> **REQUIRED ACTION**
Repeat only the lines below from the one containing "by (simp add: der_smul[OF" through the one containing "B that off_k", inclusive, exactly as written.

> **Stored items**
-=-=-

lemma states_eq_if_minimal_gfg:
  assumes "minimal_gfg A"
  shows "R = states A"
proof -
  obtain f where "redirection_strategy A R h f" using ex_redirection_strategy by blast
  then have "card (states A) \<le> card R"
    using minimal_gfg_card_le[OF assms wf_redirect _ redirection_strategy.gfg_redirect lang_redirect]
    by simp
  moreover have "finite (states A)" using wf by (simp add: wf_tncw_def)
  ultimately show ?thesis using R_subset by (simp add: card_seteq)
qed

end

section \<open>Minimal GFG-tNCWs\<close>

context nice_tncw
begin

lemma safe_minimal_if_minimal_gfg:
  assumes "minimal_gfg A"
  shows "safe_minimal A"
  unfolding safe_minimal_def
proof (intro ballI impI)
  fix q s assume q: "q \<in> states A" and s: "s \<in> states A" and qs: "safe_equiv A q s"
  show "q = s"
  proof (rule ccontr)
    assume "q \<noteq> s"
    interpret redirection A "states A - {q}" "\<lambda>x. if x = q then s else x"
      using s \<open>q \<noteq> s\<close> qs by unfold_locales
        (auto simp: safe_equiv_iff_safe_le safe_le_refl safe_equiv_def equiv_states_def)
    show False using states_eq_if_minimal_gfg[OF assms] q by blast
  qed
qed

lemma safe_centralized_if_minimal_gfg:
  assumes "minimal_gfg A"
  shows "safe_centralized A"
  unfolding safe_centralized_def
proof (intro ballI impI)
  fix q s assume q: "q \<in> states A" and s: "s \<in> states A" and qs: "safe_le A q s"
  show "same_safe_comp A q s"
  proof (rule ccontr)
    assume apart: "\<not> same_safe_comp A q s"
    define T where "T = {x \<in> states A. same_safe_comp A q x}"
    define h where "h x = (if x \<in> T then SOME y. y \<in> states A - T \<and> safe_le A x y else x)" for x
    have h: "h x \<in> states A - T \<and> safe_le A x (h x)" if "x \<in> states A" for x
    proof (cases "x \<in> T")
      case True
      then have "\<exists>y. y \<in> states A - T \<and> safe_le A x y"
        using safe_le_leaves_safe_comp[OF qs s apart] by (auto simp: T_def)
      from someI_ex[OF this] show ?thesis using True by (simp add: h_def)
    qed (use that in \<open>simp add: h_def safe_le_refl\<close>)
    have closed: "t \<in> states A - T" if "p \<in> states A - T" "(p, \<sigma>, t) \<in> Delta A - acc A" for p \<sigma> t
    proof -
      have "t \<notin> T"
      proof
        assume "t \<in> T"
        then have "same_safe_comp A q t" by (simp add: T_def)
        then have "same_safe_comp A q p"
          using same_safe_comp_sym[OF same_safe_comp_if_safe_transition[OF that(2)]]
          by (rule same_safe_comp_trans)
        then show False using that(1) by (simp add: T_def)
      qed
      moreover have "t \<in> states A" using that(2) by (rule Delta_target_in_states[OF DiffD1])
      ultimately show ?thesis by blast
    qed
    interpret redirection A "states A - T" h
    proof unfold_locales
      fix p \<sigma> t assume "p \<in> states A - T" "(p, \<sigma>, t) \<in> Delta A - acc A"
      then have "t \<in> states A - T" by (rule closed)
      then show "safe_equiv A t (h t)" by (simp add: h_def safe_equiv_def equiv_states_def)
    qed (use h in blast)+
    have "q \<in> T" using q by (simp add: T_def same_safe_comp_def)
    then show False using states_eq_if_minimal_gfg[OF assms] q by blast
  qed
qed
end

theorem mainTheorem1:
  fixes A :: "('q, 'a) tncw"
  assumes "wf_tncw A" and "is_gfg A" and "nice A" and "minimal_gfg A"
  shows "safe_centralized A \<and> safe_minimal A"
proof -
  interpret nice_tncw A using assms(1,3) by unfold_locales
  show ?thesis
    using safe_centralized_if_minimal_gfg[OF assms(4)] safe_minimal_if_minimal_gfg[OF assms(4)] by blast
qed

end
lemma fiberH_eq_weighted_adjacency:
  "fiberH src tgt tau al V k
     = weighted_adjacency (msrc src) (mtgt tgt) (fiber_weight src tau al V k)"
proof -
  have "(\<Sum>a\<in>{a. msrc src a = x \<and> mtgt tgt a = y}. fiber_weight src tau al V k a)
          = (\<Sum>e\<in>{e. src e = x \<and> tgt e = y}. cis (al e + ip (tau e) k))
            + (if x = y then complex_of_real (vpot src V x) else 0)" for x y
  proof -
    have "(\<Sum>a\<in>{a. msrc src a = x \<and> mtgt tgt a = y}. fiber_weight src tau al V k a)
            = (\<Sum>a\<in>UNIV. if msrc src a = x \<and> mtgt tgt a = y
                            then fiber_weight src tau al V k a else 0)"
      by (simp add: sum.If_cases)
    also have "\<dots> = (\<Sum>e\<in>UNIV. if src e = x \<and> tgt e = y then cis (al e + ip (tau e) k) else 0)
                      + (\<Sum>z\<in>UNIV. if z = x \<and> z = y then complex_of_real (vpot src V z) else 0)"
      by (simp add: sum_UNIV_Plus cong: if_cong)
    also have "\<dots> = (\<Sum>e\<in>{e. src e = x \<and> tgt e = y}. cis (al e + ip (tau e) k))
                      + (if x = y then complex_of_real (vpot src V x) else 0)"
      by (cases "x = y") (auto simp: sum.If_cases intro!: sum.neutral)
    finally show ?thesis .
  qed
  then show ?thesis
    by (simp add: fiberH_def weighted_adjacency_def vec_eq_iff vpot_def cis_conv_exp)
qed

lemma prod_list_fiber_weight:
  "prod_list (map (fiber_weight src tau al V k) c)
     = complex_of_real (omega src V c) * cis (cyc_al (mal al) c + ip (cyc_tau (mtau tau) c) k)"
proof (induction c)
  case (Cons a c)
  then show ?case by (cases a) (simp_all add: ip_add_left algebra_simps flip: cis_mult)
qed simp

lemma trace_mpow_fiberH:
  assumes "n \<ge> 1"
  shows "trace (mpow (fiberH src tgt tau al V k) n)
           = (\<Sum>c\<in>cycles (msrc src) (mtgt tgt) n. complex_of_real (omega src V c)
                * cis (cyc_al (mal al) c + ip (cyc_tau (mtau tau) c) k))"
  using assms
  by (simp add: fiberH_eq_weighted_adjacency trace_mpow_weighted_adjacency prod_list_fiber_weight)

lemma trace_fiberH_diff:
  assumes "n \<ge> 1"
  shows "trace (mpow (fiberH src tgt tau (\<lambda>_. 0) V k) n - mpow (fiberH src tgt tau al V k') n)
           = (\<Sum>c\<in>cycles (msrc src) (mtgt tgt) n. complex_of_real (omega src V c)
                * (cis (ip (cyc_tau (mtau tau) c) k)
                   - cis (cyc_al (mal al) c + ip (cyc_tau (mtau tau) c) k')))"
  unfolding trace_sub trace_mpow_fiberH[OF assms] by (simp add: sum_subtractf right_diff_distrib)
lemma excess_card_le:
  fixes Q :: "'a \<Rightarrow> nat \<times> nat \<Rightarrow> nat \<times> nat \<Rightarrow> bool"
  assumes mean: "(\<Sum>u\<in>N v. label_prob (Q u)) \<le> M"
    and "0 \<le> M" "0 < t" and K: "K * ln \<Delta> \<le> t\<^sup>2 / (2 * (M + t))"
  shows "real (card {f\<in>\<Omega>. M + t < real (card {u\<in>N v. Q u (f (Inl u)) (f (Inr {u, v}))})})
         \<le> \<Delta> powr (- K) * real (card \<Omega>)"
proof -
  have "real (card {f\<in>\<Omega>. M + t < real (card {u\<in>N v. Q u (f (Inl u)) (f (Inr {u, v}))})})
        \<le> real (card {f\<in>\<Omega>. M + t \<le> real (card {u\<in>N v. Q u (f (Inl u)) (f (Inr {u, v}))})})"
    using finite_\<Omega> by (intro of_nat_mono card_mono) auto
  also have "\<dots> \<le> exp (- t\<^sup>2 / (2 * (M + t))) * real (card \<Omega>)"
    using pair_sampling.upper_tail[OF pair_sampling_at, where Q = Q and M = M and t = t] assms
    by simp
  also have "\<dots> \<le> \<Delta> powr (- K) * real (card \<Omega>)"
    using exp_tail_le_powr[OF K] \<Delta>_ge_3 by (intro mult_right_mono) auto
  finally show ?thesis .
qed

lemma deviation_card_le:
  fixes Q :: "'a \<Rightarrow> nat \<times> nat \<Rightarrow> nat \<times> nat \<Rightarrow> bool"
  assumes mean: "(\<Sum>u\<in>N v. label_prob (Q u)) = m"
    and "m \<le> M" "0 < t" "t < m" and K: "K * ln \<Delta> \<le> t\<^sup>2 / (2 * (M + t))"
  shows "real (card {f\<in>\<Omega>. \<not> \<bar>real (card {u\<in>N v. Q u (f (Inl u)) (f (Inr {u, v}))}) - m\<bar> \<le> t})
         \<le> 2 * \<Delta> powr (- K) * real (card \<Omega>)"
proof -
  let ?c = "\<lambda>f. real (card {u\<in>N v. Q u (f (Inl u)) (f (Inr {u, v}))})"
  have tail: "exp (- t\<^sup>2 / (2 * (M + t))) \<le> \<Delta> powr (- K)"
    using exp_tail_le_powr[OF K] \<Delta>_ge_3 by simp
  have "real (card {f\<in>\<Omega>. m + t \<le> ?c f}) \<le> exp (- t\<^sup>2 / (2 * (m + t))) * real (card \<Omega>)"
    using pair_sampling.upper_tail[OF pair_sampling_at, where Q = Q and M = m and t = t] assms
    by simp
  also have "\<dots> \<le> \<Delta> powr (- K) * real (card \<Omega>)"
    using assms tail by (intro mult_right_mono order_trans[OF _ tail]) (auto simp: frac_le)
  finally have upper: "real (card {f\<in>\<Omega>. m + t \<le> ?c f}) \<le> \<Delta> powr (- K) * real (card \<Omega>)" .
  have "real (card {f\<in>\<Omega>. ?c f \<le> m - t}) \<le> exp (- t\<^sup>2 / (2 * m)) * real (card \<Omega>)"
    using pair_sampling.lower_tail[OF pair_sampling_at, where Q = Q and m = m and t = t] assms
    by simp
  also have "\<dots> \<le> \<Delta> powr (- K) * real (card \<Omega>)"
    using assms tail by (intro mult_right_mono order_trans[OF _ tail]) (auto simp: frac_le)
  finally have lower: "real (card {f\<in>\<Omega>. ?c f \<le> m - t}) \<le> \<Delta> powr (- K) * real (card \<Omega>)" .
  have "{f\<in>\<Omega>. \<not> \<bar>?c f - m\<bar> \<le> t} \<subseteq> {f\<in>\<Omega>. m + t \<le> ?c f} \<union> {f\<in>\<Omega>. ?c f \<le> m - t}"
    by auto
  then have "card {f\<in>\<Omega>. \<not> \<bar>?c f - m\<bar> \<le> t} \<le> card {f\<in>\<Omega>. m + t \<le> ?c f} + card {f\<in>\<Omega>. ?c f \<le> m - t}"
    using finite_\<Omega> by (intro order_trans[OF card_mono card_Un_le]) auto
  then show ?thesis using upper lower by linarith
qed
lemma is_der_smul:
  assumes \<theta>: "is_der deg k \<theta>"
  shows "is_der deg k (\<lambda>x. smul c (\<theta> x))"
  unfolding is_der_def
proof (intro conjI allI ballI impI)
  fix x assume "x \<notin> Lhat deg"
  then show "smul c (\<theta> x) = 0"
    by (simp add: der_outside[OF \<theta>])
next
  fix x assume "x \<in> Lhat deg"
  then show "smul c (\<theta> x) \<in> Lhat deg"
    by (intro Lhat_smul der_Lhat[OF \<theta>])
next
  fix x y assume "x \<in> Lhat deg" "y \<in> Lhat deg"
  then show "smul c (\<theta> (x + y)) = smul c (\<theta> x) + smul c (\<theta> y)"
    by (simp add: der_add[OF \<theta>] smul_add)
next
  fix e x assume "x \<in> Lhat deg"
  then show "smul c (\<theta> (smul e x)) = smul e (smul c (\<theta> x))"
    by (simp add: der_smul[OF \<theta>] smul_smul mult.commute)
next
  fix j x assume "x \<in> Lhat deg" "homog deg j x"
  then show "homog deg (j + k) (smul c (\<theta> x))"
    by (intro homog_smul der_homog[OF \<theta>])
next
  fix j x y assume "x \<in> Lhat deg" "y \<in> Lhat deg" "homog deg j x"
  then show "smul c (\<theta> (br deg x y))
      = br deg (smul c (\<theta> x)) y + smul (ksign (k * j)) (br deg x (smul c (\<theta> y)))"
    by (simp add: der_br[OF \<theta>] br_smul_left br_smul_right smul_add smul_smul mult.commute)
qed

lemma fun_diff_eq_add_smul: "(\<theta> :: 'b tens \<Rightarrow> 'b tens) - \<eta> = \<theta> + (\<lambda>x. smul (-1) (\<eta> x))"
  by (simp add: fun_eq_iff)

lemma is_der_diff: "is_der deg k \<theta> \<Longrightarrow> is_der deg k \<eta> \<Longrightarrow> is_der deg k (\<theta> - \<eta>)"
  unfolding fun_diff_eq_add_smul by (intro is_der_add is_der_smul)
lemma card_kernel_col_mats_le:
  assumes "prime p" and "k < n" and "\<not> int p dvd a k"
  shows "card (kernel_col_mats p n a) \<le> p ^ (n * (n - 1))"
proof -
  define D where "D = ({..<n} - {k}) \<times> {..<n}"
  define f where "f = (\<lambda>A::int mat. restrict (\<lambda>ij. A $$ ij) D)"
  have "inj_on f (kernel_col_mats p n a)"
  proof (rule inj_onI)
    fix A B assume A: "A \<in> kernel_col_mats p n a" and B: "B \<in> kernel_col_mats p n a"
      and "f A = f B"
    have off_k: "A $$ (i, j) = B $$ (i, j)" if "i < n" "i \<noteq> k" "j < n" for i j
    proof -
      have "f A (i, j) = f B (i, j)"
        using \<open>f A = f B\<close> by simp
      then show ?thesis
        using that unfolding f_def D_def by simp
    qed
    have "A $$ (k, j) = B $$ (k, j)" if "j < n" for j
      using coord_determined_by_lin_form[where a = a and x = "\<lambda>i. A $$ (i, j)"
          and y = "\<lambda>i. B $$ (i, j)", OF assms] assms(2) A B that off_k
      unfolding kernel_col_mats_def Fp_mats_def lin_col_def by auto
    with off_k show "A = B"
      using A B unfolding kernel_col_mats_def Fp_mats_def by (intro eq_matI) auto
  qed
  moreover have "f ` kernel_col_mats p n a \<subseteq> PiE D (\<lambda>_. {0..<int p})"
    unfolding f_def D_def kernel_col_mats_def Fp_mats_def
    by (auto simp: image_subset_iff restrict_PiE_iff)
  moreover have "finite D"
    unfolding D_def by simp
  ultimately have "card (kernel_col_mats p n a) \<le> card (PiE D (\<lambda>_. {0..<int p}))"
    by (intro card_inj_on_le) (auto intro: finite_PiE)
  also have "\<dots> = p ^ (n * (n - 1))"
    using \<open>finite D\<close> assms(2) by (simp add: card_PiE D_def card_cartesian_product mult.commute)
  finally show ?thesis .
qed

lemma mem_sing_fiber_iff:
  "A \<in> sing_fiber p n K \<longleftrightarrow> A \<in> carrier_mat n n \<and> (\<forall>i<n. \<forall>j<n. A $$ (i, j) \<in> {0..<int p}) \<and>
    int p dvd det A \<and> with_col0 A (\<lambda>_. 0) = K"
  unfolding sing_fiber_def Fp_mats_def singular_mod_def by (auto simp: dvd_eq_mod_eq_0)
lemma adversary_inv_run:
  "queries_in (cells (2 * m) m) t \<Longrightarrow> adversary_inv m \<sigma> \<Longrightarrow> adversary_inv m (run (adversary m) t \<sigma>)"
proof (induction t arbitrary: \<sigma>)
  case (Query c k)
  let ?v = "reply (adversary m) \<sigma> c"
  have c: "c \<in> cells (2 * m) m" and next_tree: "queries_in (cells (2 * m) m) (k ?v)"
    using Query.prems(1) queries_in.simps(2) by blast+
  show ?case using Query.IH[OF rangeI next_tree adversary_inv_upd[OF Query.prems(2) c]] by (simp only: run.simps)
qed simp

lemma finite_dom_adversary_inv: "adversary_inv m \<sigma> \<Longrightarrow> finite (dom \<sigma>)"
  unfolding adversary_inv_def by (metis finite_cells finite_subset)

lemma column_reply_recorded:
  assumes "adversary_inv m \<sigma>" "t < card (queried \<sigma> j)"
  shows "\<exists>c\<in>queried \<sigma> j. \<sigma> c = Some (column_reply m j t)"
proof -
  have "Some (column_reply m j t) \<in> \<sigma> ` queried \<sigma> j"
    using assms by (simp add: adversary_inv_def)
  then show ?thesis by force
qed

lemma recorded_column_reply:
  assumes "adversary_inv m \<sigma>" "c \<in> queried \<sigma> j"
  shows "\<exists>t<card (queried \<sigma> j). \<sigma> c = Some (column_reply m j t)"
proof -
  have "\<sigma> c \<in> Some ` column_reply m j ` {..<card (queried \<sigma> j)}"
    using assms unfolding adversary_inv_def by blast
  then show ?thesis by auto
qed

lemma unqueried_cell_exists:
  assumes "finite (dom \<sigma>)" "card (queried \<sigma> j) < n"
  shows "\<exists>i\<in>{1..n}. \<sigma> (i, j) = None"
proof (rule ccontr)
  assume "\<not> ?thesis"
  then have "{1..n} \<times> {j} \<subseteq> queried \<sigma> j" by (auto simp: queried_def)
  moreover have "finite (queried \<sigma> j)" using assms(1) by (simp add: queried_def)
  ultimately have "card ({1..n} \<times> {j}) \<le> card (queried \<sigma> j)" by (rule card_mono[rotated])
  then show False using assms(2) by (simp add: card_cartesian_product)
qed


lemma adversary_inv_valid:
  assumes inv: "adversary_inv m \<sigma>" and m: "1 \<le> m" and v: "\<sigma> c = Some v"
  shows "valid_sym (2 * m) m v"
proof -
  have "c \<in> cells (2 * m) m" using inv v by (auto simp: adversary_inv_def)
  then have "snd c \<le> m" by (auto simp: cells_def)
  moreover obtain t where "v = column_reply m (snd c) t"
    using recorded_column_reply[OF inv, of c "snd c"] v by (auto simp: queried_def)
  ultimately show ?thesis using other_column_range[OF m]
    by (auto simp: valid_sym_def column_reply_def blank_def back_pointer_def lpoint_def rpoint_def bpoint_def)
qed

lemma light_column_blank:
  assumes "adversary_inv m \<sigma>" "card (queried \<sigma> (snd c)) \<le> m" "\<sigma> c = Some v"
  shows "v = blank"
proof -
  obtain t where "t < card (queried \<sigma> (snd c))" "\<sigma> c = Some (column_reply m (snd c) t)"
    using recorded_column_reply[OF assms(1), of c "snd c"] assms(3) by (auto simp: queried_def)
  then show ?thesis using assms(2,3) by (simp add: column_reply_def)
qed


section \<open>Completing the adversary's answers\<close>

definition zero_completion :: "(cell \<rightharpoonup> sym) \<Rightarrow> cell \<Rightarrow> sym" where
  "zero_completion \<sigma> c = (case \<sigma> c of Some v \<Rightarrow> v | None \<Rightarrow> (False, None, None, None))"

lemma map_le_zero_completion: "\<sigma> \<subseteq>\<^sub>m Some \<circ> zero_completion \<sigma>"
  by (auto simp: map_le_def zero_completion_def)

lemma zero_completion_inputs:
  assumes "adversary_inv m \<sigma>" "1 \<le> m"
  shows "zero_completion \<sigma> \<in> inputs (2 * m) m"
proof -
  have "valid_sym (2 * m) m (zero_completion \<sigma> c)" for c
    using adversary_inv_valid[OF assms, of c]
    by (cases "\<sigma> c") (simp_all add: zero_completion_def valid_sym_def lpoint_def rpoint_def bpoint_def)
  then show ?thesis by (simp add: inputs_def)
qed


lemma not_f_zero_completion:
  assumes inv: "adversary_inv m \<sigma>" and m: "1 \<le> m"
  shows "\<not> f (2 * m) m (zero_completion \<sigma>)"
proof -
  have "\<exists>i\<in>{1..2 * m}. \<not> val (zero_completion \<sigma> (i, b))" for b
  proof (cases "card (queried \<sigma> b) < 2 * m")
    case True
    then obtain i where "i \<in> {1..2 * m}" "\<sigma> (i, b) = None"
      using unqueried_cell_exists[OF finite_dom_adversary_inv[OF inv]] by blast
    then show ?thesis by (intro bexI[of _ i]) (simp_all add: zero_completion_def val_def)
  next
    case False
    then obtain c where c: "c \<in> queried \<sigma> b" "\<sigma> c = Some (column_reply m b m)"
      using column_reply_recorded[OF inv, of m b] m by auto
    then have "c \<in> cells (2 * m) m" "snd c = b"
      using inv by (auto simp: adversary_inv_def queried_def)
    then show ?thesis using c
      by (force simp: cells_def zero_completion_def val_def column_reply_def back_pointer_def)
  qed
  then show ?thesis unfolding f_def by blast
qed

-=-=-

> **SOLUTION TO THIS PROBLEM**
    by (simp add: der_smul[OF \<theta>] smul_smul mult.commute)
next
  fix j x assume "x \<in> Lhat deg" "homog deg j x"
  then show "homog deg (j + k) (smul c (\<theta> x))"
    by (intro homog_smul der_homog[OF \<theta>])
next
  fix j x y assume "x \<in> Lhat deg" "y \<in> Lhat deg" "homog deg j x"
  then show "smul c (\<theta> (br deg x y))
      = br deg (smul c (\<theta> x)) y + smul (ksign (k * j)) (br deg x (smul c (\<theta> y)))"
    by (simp add: der_br[OF \<theta>] br_smul_left br_smul_right smul_add smul_smul mult.commute)
qed

lemma fun_diff_eq_add_smul: "(\<theta> :: 'b tens \<Rightarrow> 'b tens) - \<eta> = \<theta> + (\<lambda>x. smul (-1) (\<eta> x))"
  by (simp add: fun_eq_iff)

lemma is_der_diff: "is_der deg k \<theta> \<Longrightarrow> is_der deg k \<eta> \<Longrightarrow> is_der deg k (\<theta> - \<eta>)"
  unfolding fun_diff_eq_add_smul by (intro is_der_add is_der_smul)
lemma card_kernel_col_mats_le:
  assumes "prime p" and "k < n" and "\<not> int p dvd a k"
  shows "card (kernel_col_mats p n a) \<le> p ^ (n * (n - 1))"
proof -
  define D where "D = ({..<n} - {k}) \<times> {..<n}"
  define f where "f = (\<lambda>A::int mat. restrict (\<lambda>ij. A $$ ij) D)"
  have "inj_on f (kernel_col_mats p n a)"
  proof (rule inj_onI)
    fix A B assume A: "A \<in> kernel_col_mats p n a" and B: "B \<in> kernel_col_mats p n a"
      and "f A = f B"
    have off_k: "A $$ (i, j) = B $$ (i, j)" if "i < n" "i \<noteq> k" "j < n" for i j
    proof -
      have "f A (i, j) = f B (i, j)"
        using \<open>f A = f B\<close> by simp
      then show ?thesis
        using that unfolding f_def D_def by simp
    qed
    have "A $$ (k, j) = B $$ (k, j)" if "j < n" for j
      using coord_determined_by_lin_form[where a = a and x = "\<lambda>i. A $$ (i, j)"
          and y = "\<lambda>i. B $$ (i, j)", OF assms] assms(2) A B that off_k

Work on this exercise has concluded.